_Try it_
Beginning at the line that contains "measure_pmf.expectation (M \<pi>)", write out every line down to the end of the records, with both ends kept and nothing added.

_Stored data_
(* There exist absolute constants $c_1,c_2>0$ such that for every $\gamma\ge1$ there exists a model class $\mathcal M\subseteq\mathcal M^+$ such that for all $\varepsilon\in(0,1)$, $$\mathrm{dec}^{\mathrm c}_{\mathrm r,\varepsilon}(\mathcal M)=\sup_{\bar M\in\mathrm{co}(\mathcal M)}\mathrm{dec}^{\mathrm c}_{\mathrm r,\varepsilon}(\mathcal M\cup\{\bar M\},\bar M)\le c_1\varepsilon^2\gamma^{1/2}$$ (in particular $\mathrm{dec}^{\mathrm c}_{\mathrm r,\varepsilon}(\mathcal M)\le c_1\varepsilon$ for $\varepsilon\le\gamma^{-1/2}$), yet there exists $\bar M\in\mathcal M$ with $\mathrm{dec}^{\mathrm o}_{\mathrm r,\gamma}(\mathcal M,\bar M)\ge c_2\gamma^{-1/2}$.
   Context: Models are kernels $M:\Pi\to\Delta([0,1]\times\mathcal O)$ (for some decision space $\Pi$ and observation space $\mathcal O$; rewards in $[0,1]$); $\mathcal M^+$ is the set of all models. $f^M(\pi)=\mathbb E_{(r,o)\sim M(\pi)}[r]$, $\pi_M\in\arg\max f^M$, $g^M(\pi)=f^M(\pi_M)-f^M(\pi)$; $D^2_H$ is squared Hellinger distance; $\mathrm{co}(\mathcal M)$ is the set of mixtures of models in $\mathcal M$. Constrained regret DEC $\mathrm{dec}^{\mathrm c}_{\mathrm r,\varepsilon}(\mathcal M',\bar M)=\inf_{p\in\Delta(\Pi)}\sup_{M\in\mathcal M'}\{\mathbb E_{\pi\sim p}[g^M(\pi)]:\mathbb E_{\pi\sim p}[D^2_H(M(\pi),\bar M(\pi))]\le\varepsilon^2\}$ (value $0$ if empty); offset regret DEC $\mathrm{dec}^{\mathrm o}_{\mathrm r,\gamma}(\mathcal M,\bar M)=\inf_{p}\sup_{M\in\mathcal M}\mathbb E_{\pi\sim p}[g^M(\pi)-\gamma D^2_H(M(\pi),\bar M(\pi))]$. *)

theory Defs
  imports "HOL-Probability.Probability"
begin

text \<open>A model maps decisions to discrete distributions on
  reward x observation; rewards must lie in [0,1] (for decisions in Dec).\<close>

type_synonym model = "nat \<Rightarrow> (real \<times> nat) pmf"

definition models_all :: "nat set \<Rightarrow> model set" where
  "models_all Dec = {M. \<forall>\<pi>\<in>Dec. fst ` set_pmf (M \<pi>) \<subseteq> {0..1}}"

definition fval :: "model \<Rightarrow> nat \<Rightarrow> real" where
  "fval M \<pi> = measure_pmf.expectation (M \<pi>) fst"

definition gval :: "nat set \<Rightarrow> model \<Rightarrow> nat \<Rightarrow> real" where
  "gval Dec M \<pi> = (SUP \<pi>'\<in>Dec. fval M \<pi>') - fval M \<pi>"

text \<open>Squared Hellinger distance (without the factor 1/2).\<close>
definition hellinger_sq :: "'a pmf \<Rightarrow> 'a pmf \<Rightarrow> real" where
  "hellinger_sq P Q = infsum (\<lambda>x. (sqrt (pmf P x) - sqrt (pmf Q x))\<^sup>2) UNIV"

_Answer for this exercise_
  "fval M \<pi> = measure_pmf.expectation (M \<pi>) fst"

definition gval :: "nat set \<Rightarrow> model \<Rightarrow> nat \<Rightarrow> real" where
  "gval Dec M \<pi> = (SUP \<pi>'\<in>Dec. fval M \<pi>') - fval M \<pi>"

text \<open>Squared Hellinger distance (without the factor 1/2).\<close>
definition hellinger_sq :: "'a pmf \<Rightarrow> 'a pmf \<Rightarrow> real" where
  "hellinger_sq P Q = infsum (\<lambda>x. (sqrt (pmf P x) - sqrt (pmf Q x))\<^sup>2) UNIV"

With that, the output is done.